§ **Exercise prompt**
Set out the records again, keeping every word as it is.

---------------

(* Let $M$ be a finitely generated $\mathbb{Z}$-module and let $z:M\to M$ be an automorphism. Suppose that there is a sequence of integers $r_i\to\infty$ and automorphisms $w_i:M\to M$ satisfying $w_i^{r_i}=z$. Then $z$ has finite order in $\operatorname{Aut} M$. *)

theory Defs
  imports "HOL-Algebra.Algebra"
begin

text \<open>A finitely generated abelian group (= finitely generated Z-module).\<close>
definition fin_gen_comm_group :: "('a, 'b) monoid_scheme \<Rightarrow> bool" where
  "fin_gen_comm_group M \<longleftrightarrow> comm_group M \<and>
     (\<exists>S. finite S \<and> S \<subseteq> carrier M \<and> generate M S = carrier M)"

end

theory Submission
  imports Defs Jordan_Normal_Form.Spectral_Radius Jordan_Normal_Form.Jordan_Normal_Form_Uniqueness
begin

text \<open>
  Pick a maximal \<int>-independent list bs among the generators of M. For some D > 0 every D-th
  power lies in the free subgroup spanned by bs, and dividing the coordinates of f(b)^D (b in bs)
  by D turns each automorphism f into a complex matrix whose denominators divide D, compatibly
  with composition. An automorphism with identity matrix moves every element only by torsion;
  the torsion subgroup being finite, such an automorphism has finite order.

  It remains to show that the matrix Z of z has finite order. Let W_i be the matrix of w_i. Every
  eigenvalue \<mu> of W_i satisfies 1/R \<le> |\<mu>|^(r_i) \<le> R, where R bounds the spectra of Z and Z^(-1).
  Matrices with bounded denominators and bounded spectrum have only finitely many eigenvalues
  (roots of integer polynomials with bounded coefficients), so for large i the spectrum of W_i
  lies on the unit circle and, by Kronecker's argument, consists of roots of unity of a common
  order N. Then U = W_i^N is unipotent with U^(r_i) = Z^N. Writing U = 1 + X with X^j \<noteq> 0 = X^(j+1)
  gives (Z^N - 1)^j = r_i^j X^j, whose nonzero entries have modulus at least (r_i/D)^j; for large
  r_i this contradicts the fixed size of Z^N - 1 unless X = 0. Hence Z^N = 1.
\<close>

section \<open>Periodicity forced by finiteness\<close>

lemma finite_range_imp_repeat:
  fixes f :: "nat \<Rightarrow> 'a"
  assumes "finite (range f)"
  obtains a b where "a < b" and "f a = f b"
proof -
  have "\<not> inj f"
    using assms finite_imageD infinite_UNIV_nat by blast
  then obtain a b where "a \<noteq> b" and "f a = f b"
    unfolding inj_def by blast
  then show ?thesis
    using that by (cases a b rule: linorder_cases) auto
qed

lemma finite_inj_on_funpow_id:
  assumes T: "finite T" and inj: "inj_on f T" and into: "f ` T \<subseteq> T"
  obtains a where "a > 0" and "\<And>t. t \<in> T \<Longrightarrow> (f ^^ a) t = t"
proof -
  have into_pow: "(f ^^ m) ` T \<subseteq> T" for m
    by (induct m) (use into in auto)
  have inj_pow: "inj_on (f ^^ m) T" for m
  proof (induct m)
    case (Suc m)
    then show ?case
      using comp_inj_on[OF Suc inj_on_subset[OF inj into_pow]] by (simp add: comp_def)
  qed simp
  have "range (\<lambda>m. restrict (f ^^ m) T) \<subseteq> T \<rightarrow>\<^sub>E T"
    using into_pow by fastforce
  then have "finite (range (\<lambda>m. restrict (f ^^ m) T))"
    using finite_PiE[OF T, of "\<lambda>_. T"] T finite_subset by blast
  then obtain m1 m2 where "m1 < m2" and eq: "restrict (f ^^ m1) T = restrict (f ^^ m2) T"
    by (rule finite_range_imp_repeat)
  have "(f ^^ (m2 - m1)) t = t" if t: "t \<in> T" for t
  proof -
    have "(f ^^ m1) ((f ^^ (m2 - m1)) t) = (f ^^ m2) t"
      using \<open>m1 < m2\<close> funpow_add[of m1 "m2 - m1" f] by simp
    also have "\<dots> = (f ^^ m1) t"
      using fun_cong[OF eq, of t] t by simp
    finally show ?thesis
      using inj_pow[of m1] t into_pow[of "m2 - m1"] unfolding inj_on_def by blast
  qed
  with \<open>m1 < m2\<close> show ?thesis
    using that[of "m2 - m1"] by simp
qed

lemma finite_roots_of_unity_common_exponent:
  fixes S :: "'a::monoid_mult set"
  assumes "finite S" and "\<And>x. x \<in> S \<Longrightarrow> \<exists>t>0. x ^ t = 1"
  obtains N where "N > 0" and "\<And>x. x \<in> S \<Longrightarrow> x ^ N = 1"
proof -
  obtain t where t: "\<And>x. x \<in> S \<Longrightarrow> t x > 0 \<and> x ^ t x = 1"
    using assms(2) by metis
  show ?thesis
  proof (rule that[of "\<Prod>x\<in>S. t x"])
    show "(\<Prod>x\<in>S. t x) > 0"
      using t by (intro prod_pos) auto
    fix x assume "x \<in> S"
    then obtain q where "(\<Prod>x\<in>S. t x) = t x * q"
      using dvd_prodI[OF assms(1)] by (metis dvdE)
    then show "x ^ (\<Prod>x\<in>S. t x) = 1"
      using t[OF \<open>x \<in> S\<close>] by (simp add: power_mult)
  qed
qed

section \<open>Powers, triangularization and eigenvalues of matrices\<close>

lemma pow_mat_add:
  fixes A :: "'a::semiring_1 mat"
  assumes A: "A \<in> carrier_mat n n"
  shows "A ^\<^sub>m (a + b) = A ^\<^sub>m a * A ^\<^sub>m b"
proof -
  interpret R: semiring "ring_mat TYPE('a) n ()" by (rule semiring_mat)
  show ?thesis
    using R.nat_pow_mult[of A a b] A
    by (simp add: pow_mat_ring_pow[OF A, where b = "()"] ring_mat_simps)
qed

lemma pow_mat_mult:
  fixes A :: "'a::semiring_1 mat"
  assumes A: "A \<in> carrier_mat n n"
  shows "A ^\<^sub>m (a * b) = (A ^\<^sub>m a) ^\<^sub>m b"
proof (induct b)
  case (Suc b)
  have "A ^\<^sub>m (a * Suc b) = A ^\<^sub>m (a * b) * A ^\<^sub>m a"
    using pow_mat_add[OF A, of "a * b" a] by (simp add: add.commute)
  with Suc show ?case by simp
qed (use A in simp)

lemma mult_pow_mat_commute:
  fixes A B :: "'a::semiring_1 mat"
  assumes A: "A \<in> carrier_mat n n" and B: "B \<in> carrier_mat n n" and AB: "A * B = B * A"
  shows "(A * B) ^\<^sub>m m = A ^\<^sub>m m * B ^\<^sub>m m"
proof -
  interpret R: semiring "ring_mat TYPE('a) n ()" by (rule semiring_mat)
  have "A \<otimes>\<^bsub>ring_mat TYPE('a) n ()\<^esub> B = B \<otimes>\<^bsub>ring_mat TYPE('a) n ()\<^esub> A"
    using AB by (simp add: ring_mat_simps)
  from R.pow_mult_distrib[OF this] A B show ?thesis
    by (simp add: pow_mat_ring_pow[OF A, where b = "()"] pow_mat_ring_pow[OF B, where b = "()"]
        pow_mat_ring_pow[OF mult_carrier_mat[OF A B], where b = "()"] ring_mat_simps)
qed

lemma one_pow_mat [simp]: "(1\<^sub>m n :: 'a::semiring_1 mat) ^\<^sub>m m = 1\<^sub>m n"
  by (induct m) auto

definition upper_band :: "nat \<Rightarrow> 'a::zero mat \<Rightarrow> bool" where
  "upper_band k A \<longleftrightarrow>
     (\<forall>i j. i < dim_row A \<longrightarrow> j < dim_col A \<longrightarrow> j < i + k \<longrightarrow> A $$ (i, j) = 0)"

---------------

§ **Answer to this problem**
(* Let $M$ be a finitely generated $\mathbb{Z}$-module and let $z:M\to M$ be an automorphism. Suppose that there is a sequence of integers $r_i\to\infty$ and automorphisms $w_i:M\to M$ satisfying $w_i^{r_i}=z$. Then $z$ has finite order in $\operatorname{Aut} M$. *)

theory Defs
  imports "HOL-Algebra.Algebra"
begin

text \<open>A finitely generated abelian group (= finitely generated Z-module).\<close>
definition fin_gen_comm_group :: "('a, 'b) monoid_scheme \<Rightarrow> bool" where
  "fin_gen_comm_group M \<longleftrightarrow> comm_group M \<and>
     (\<exists>S. finite S \<and> S \<subseteq> carrier M \<and> generate M S = carrier M)"

end

theory Submission
  imports Defs Jordan_Normal_Form.Spectral_Radius Jordan_Normal_Form.Jordan_Normal_Form_Uniqueness
begin

text \<open>
  Pick a maximal \<int>-independent list bs among the generators of M. For some D > 0 every D-th
  power lies in the free subgroup spanned by bs, and dividing the coordinates of f(b)^D (b in bs)
  by D turns each automorphism f into a complex matrix whose denominators divide D, compatibly
  with composition. An automorphism with identity matrix moves every element only by torsion;
  the torsion subgroup being finite, such an automorphism has finite order.

  It remains to show that the matrix Z of z has finite order. Let W_i be the matrix of w_i. Every
  eigenvalue \<mu> of W_i satisfies 1/R \<le> |\<mu>|^(r_i) \<le> R, where R bounds the spectra of Z and Z^(-1).
  Matrices with bounded denominators and bounded spectrum have only finitely many eigenvalues
  (roots of integer polynomials with bounded coefficients), so for large i the spectrum of W_i
  lies on the unit circle and, by Kronecker's argument, consists of roots of unity of a common
  order N. Then U = W_i^N is unipotent with U^(r_i) = Z^N. Writing U = 1 + X with X^j \<noteq> 0 = X^(j+1)
  gives (Z^N - 1)^j = r_i^j X^j, whose nonzero entries have modulus at least (r_i/D)^j; for large
  r_i this contradicts the fixed size of Z^N - 1 unless X = 0. Hence Z^N = 1.
\<close>

section \<open>Periodicity forced by finiteness\<close>

lemma finite_range_imp_repeat:
  fixes f :: "nat \<Rightarrow> 'a"
  assumes "finite (range f)"
  obtains a b where "a < b" and "f a = f b"
proof -
  have "\<not> inj f"
    using assms finite_imageD infinite_UNIV_nat by blast
  then obtain a b where "a \<noteq> b" and "f a = f b"
    unfolding inj_def by blast
  then show ?thesis
    using that by (cases a b rule: linorder_cases) auto
qed

lemma finite_inj_on_funpow_id:
  assumes T: "finite T" and inj: "inj_on f T" and into: "f ` T \<subseteq> T"
  obtains a where "a > 0" and "\<And>t. t \<in> T \<Longrightarrow> (f ^^ a) t = t"
proof -
  have into_pow: "(f ^^ m) ` T \<subseteq> T" for m
    by (induct m) (use into in auto)
  have inj_pow: "inj_on (f ^^ m) T" for m
  proof (induct m)
    case (Suc m)
    then show ?case
      using comp_inj_on[OF Suc inj_on_subset[OF inj into_pow]] by (simp add: comp_def)
  qed simp
  have "range (\<lambda>m. restrict (f ^^ m) T) \<subseteq> T \<rightarrow>\<^sub>E T"
    using into_pow by fastforce
  then have "finite (range (\<lambda>m. restrict (f ^^ m) T))"
    using finite_PiE[OF T, of "\<lambda>_. T"] T finite_subset by blast
  then obtain m1 m2 where "m1 < m2" and eq: "restrict (f ^^ m1) T = restrict (f ^^ m2) T"
    by (rule finite_range_imp_repeat)
  have "(f ^^ (m2 - m1)) t = t" if t: "t \<in> T" for t
  proof -
    have "(f ^^ m1) ((f ^^ (m2 - m1)) t) = (f ^^ m2) t"
      using \<open>m1 < m2\<close> funpow_add[of m1 "m2 - m1" f] by simp
    also have "\<dots> = (f ^^ m1) t"
      using fun_cong[OF eq, of t] t by simp
    finally show ?thesis
      using inj_pow[of m1] t into_pow[of "m2 - m1"] unfolding inj_on_def by blast
  qed
  with \<open>m1 < m2\<close> show ?thesis
    using that[of "m2 - m1"] by simp
qed

lemma finite_roots_of_unity_common_exponent:
  fixes S :: "'a::monoid_mult set"
  assumes "finite S" and "\<And>x. x \<in> S \<Longrightarrow> \<exists>t>0. x ^ t = 1"
  obtains N where "N > 0" and "\<And>x. x \<in> S \<Longrightarrow> x ^ N = 1"
proof -
  obtain t where t: "\<And>x. x \<in> S \<Longrightarrow> t x > 0 \<and> x ^ t x = 1"
    using assms(2) by metis
  show ?thesis
  proof (rule that[of "\<Prod>x\<in>S. t x"])
    show "(\<Prod>x\<in>S. t x) > 0"
      using t by (intro prod_pos) auto
    fix x assume "x \<in> S"
    then obtain q where "(\<Prod>x\<in>S. t x) = t x * q"
      using dvd_prodI[OF assms(1)] by (metis dvdE)
    then show "x ^ (\<Prod>x\<in>S. t x) = 1"
      using t[OF \<open>x \<in> S\<close>] by (simp add: power_mult)
  qed
qed

section \<open>Powers, triangularization and eigenvalues of matrices\<close>

lemma pow_mat_add:
  fixes A :: "'a::semiring_1 mat"
  assumes A: "A \<in> carrier_mat n n"
  shows "A ^\<^sub>m (a + b) = A ^\<^sub>m a * A ^\<^sub>m b"
proof -
  interpret R: semiring "ring_mat TYPE('a) n ()" by (rule semiring_mat)
  show ?thesis
    using R.nat_pow_mult[of A a b] A
    by (simp add: pow_mat_ring_pow[OF A, where b = "()"] ring_mat_simps)
qed

lemma pow_mat_mult:
  fixes A :: "'a::semiring_1 mat"
  assumes A: "A \<in> carrier_mat n n"
  shows "A ^\<^sub>m (a * b) = (A ^\<^sub>m a) ^\<^sub>m b"
proof (induct b)
  case (Suc b)
  have "A ^\<^sub>m (a * Suc b) = A ^\<^sub>m (a * b) * A ^\<^sub>m a"
    using pow_mat_add[OF A, of "a * b" a] by (simp add: add.commute)
  with Suc show ?case by simp
qed (use A in simp)

lemma mult_pow_mat_commute:
  fixes A B :: "'a::semiring_1 mat"
  assumes A: "A \<in> carrier_mat n n" and B: "B \<in> carrier_mat n n" and AB: "A * B = B * A"
  shows "(A * B) ^\<^sub>m m = A ^\<^sub>m m * B ^\<^sub>m m"
proof -
  interpret R: semiring "ring_mat TYPE('a) n ()" by (rule semiring_mat)
  have "A \<otimes>\<^bsub>ring_mat TYPE('a) n ()\<^esub> B = B \<otimes>\<^bsub>ring_mat TYPE('a) n ()\<^esub> A"
    using AB by (simp add: ring_mat_simps)
  from R.pow_mult_distrib[OF this] A B show ?thesis
    by (simp add: pow_mat_ring_pow[OF A, where b = "()"] pow_mat_ring_pow[OF B, where b = "()"]
        pow_mat_ring_pow[OF mult_carrier_mat[OF A B], where b = "()"] ring_mat_simps)
qed

lemma one_pow_mat [simp]: "(1\<^sub>m n :: 'a::semiring_1 mat) ^\<^sub>m m = 1\<^sub>m n"
  by (induct m) auto

definition upper_band :: "nat \<Rightarrow> 'a::zero mat \<Rightarrow> bool" where
  "upper_band k A \<longleftrightarrow>
     (\<forall>i j. i < dim_row A \<longrightarrow> j < dim_col A \<longrightarrow> j < i + k \<longrightarrow> A $$ (i, j) = 0)"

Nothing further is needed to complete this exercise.